GOAL OF THE EXERCISE |
Look through the records below for the line with "x. \<omega> p z * D" and the line with "by (intro eventually_all_finite wedge)", then return those lines and all lines between, exactly.

::: DATA FOR ANALYSIS :::

lemma hol_germ_divide:
  assumes "hol_germ x f" "hol_germ x g" "g x \<noteq> 0"
  shows "hol_germ x (\<lambda>z. f z / g z)"
proof -
  have "\<forall>\<^sub>F z in nhds x. (\<exists>c. has_gradient f c z) \<and> (\<exists>c. has_gradient g c z) \<and> g z \<noteq> 0"
    using assms hol_germ_eventually_nonzero[OF assms(2,3)]
    unfolding hol_germ_iff_eventually_has_gradient by (auto intro: eventually_conj)
  then show ?thesis unfolding hol_germ_iff_eventually_has_gradient
    by (rule eventually_mono) (auto intro: has_gradient_divide)
qed

lemma hol_germ_cpd: "hol_germ x f \<Longrightarrow> hol_germ x (cpd f j)"
  unfolding hol_germ_def using hol_on_cpd by blast

lemma germ_dvd_if_eventually_mult:
  assumes "hol_germ x G" "hol_germ x D" "D x \<noteq> 0"
    and "\<forall>\<^sub>F z in nhds x. f z * D z = G z * h z"
  shows "germ_dvd x h f"
  unfolding germ_dvd_def
proof (intro exI conjI)
  show "hol_germ x (\<lambda>z. G z / D z)" by (rule hol_germ_divide[OF assms(1-3)])
  show "\<forall>\<^sub>F z in nhds x. f z = G z / D z * h z"
    using assms(4) hol_germ_eventually_nonzero[OF assms(2,3)]
    by (rule eventually_elim2) (simp add: field_simps)
qed

section \<open>Invariant hypersurfaces and tangent vector fields\<close>

lemma invariant_hyp_gradient_annihilates_tangent_values:
  assumes cop: "coprime_germs x \<omega>" and hh: "hol_germ x h" and hx: "h x = 0"
    and inv: "invariant_hyp x \<omega> h" and grad: "has_gradient h c x"
    and v: "v \<in> tangent_values x \<omega>"
  shows "(\<Sum>q\<in>UNIV. c $ q * v $ q) = 0"
proof (rule ccontr)
  assume ne: "(\<Sum>q\<in>UNIV. c $ q * v $ q) \<noteq> 0"
  obtain V where vV: "v = V x" and hV: "\<And>j. hol_germ x (\<lambda>z. V z $ j)"
    and tangent: "\<forall>\<^sub>F z in nhds x. (\<Sum>j\<in>UNIV. \<omega> j z * V z $ j) = 0"
    using v unfolding tangent_values_def by blast
  have "\<forall>p q. \<exists>C. hol_germ x C \<and>
      (\<forall>\<^sub>F z in nhds x. \<omega> p z * cpd h q z - \<omega> q z * cpd h p z = C z * h z)"
    using inv unfolding invariant_hyp_def germ_dvd_def by blast
  then obtain C where C: "\<forall>p q. hol_germ x (C p q) \<and>
      (\<forall>\<^sub>F z in nhds x. \<omega> p z * cpd h q z - \<omega> q z * cpd h p z = C p q z * h z)"
    unfolding choice_iff by blast
  then have hC: "\<And>p q. hol_germ x (C p q)"
    and wedge: "\<And>p q. \<forall>\<^sub>F z in nhds x. \<omega> p z * cpd h q z - \<omega> q z * cpd h p z = C p q z * h z"
    by blast+
  define D where "D = (\<lambda>z. \<Sum>q\<in>UNIV. V z $ q * cpd h q z)"
  define G where "G p = (\<lambda>z. \<Sum>q\<in>UNIV. V z $ q * C p q z)" for p
  have hD: "hol_germ x D" unfolding D_def by (intro hol_germ_sum hol_germ_mult hV hol_germ_cpd hh)
  have hG: "hol_germ x (G p)" for p unfolding G_def by (intro hol_germ_sum hol_germ_mult hV hC)
  have "D x = (\<Sum>q\<in>UNIV. c $ q * v $ q)"
    by (simp add: D_def vV cpd_eq_gradient[OF grad] mult.commute)
  then have Dx: "D x \<noteq> 0" using ne by simp
  have contracted: "\<forall>\<^sub>F z in nhds x. \<omega> p z * D z = G p z * h z" for p
  proof -
    have "\<forall>\<^sub>F z in nhds x. \<forall>q. \<omega> p z * cpd h q z - \<omega> q z * cpd h p z = C p q z * h z"
      by (intro eventually_all_finite wedge)
    then show ?thesis using tangent
    proof eventually_elim
      case (elim z)
      have "G p z * h z = (\<Sum>q\<in>UNIV. V z $ q * (C p q z * h z))"
        by (simp add: G_def sum_distrib_right mult.assoc)
      also have "\<dots> = (\<Sum>q\<in>UNIV. V z $ q * (\<omega> p z * cpd h q z - \<omega> q z * cpd h p z))"
        using elim(1) by simp
      also have "\<dots> = \<omega> p z * D z - cpd h p z * (\<Sum>q\<in>UNIV. \<omega> q z * V z $ q)"
        by (simp add: D_def sum_distrib_left right_diff_distrib sum_subtractf mult_ac)
      also have "\<dots> = \<omega> p z * D z" using elim(2) by simp
      finally show ?case by simp
    qed
  qed
  have "germ_dvd x h (\<omega> p)" for p
    by (rule germ_dvd_if_eventually_mult[OF hG hD Dx contracted])
  then have "h x \<noteq> 0" using cop hh unfolding coprime_germs_def by blast
  then show False using hx by simp
qed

:::

SOLUTION |
  have contracted: "\<forall>\<^sub>F z in nhds x. \<omega> p z * D z = G p z * h z" for p
  proof -
    have "\<forall>\<^sub>F z in nhds x. \<forall>q. \<omega> p z * cpd h q z - \<omega> q z * cpd h p z = C p q z * h z"
      by (intro eventually_all_finite wedge)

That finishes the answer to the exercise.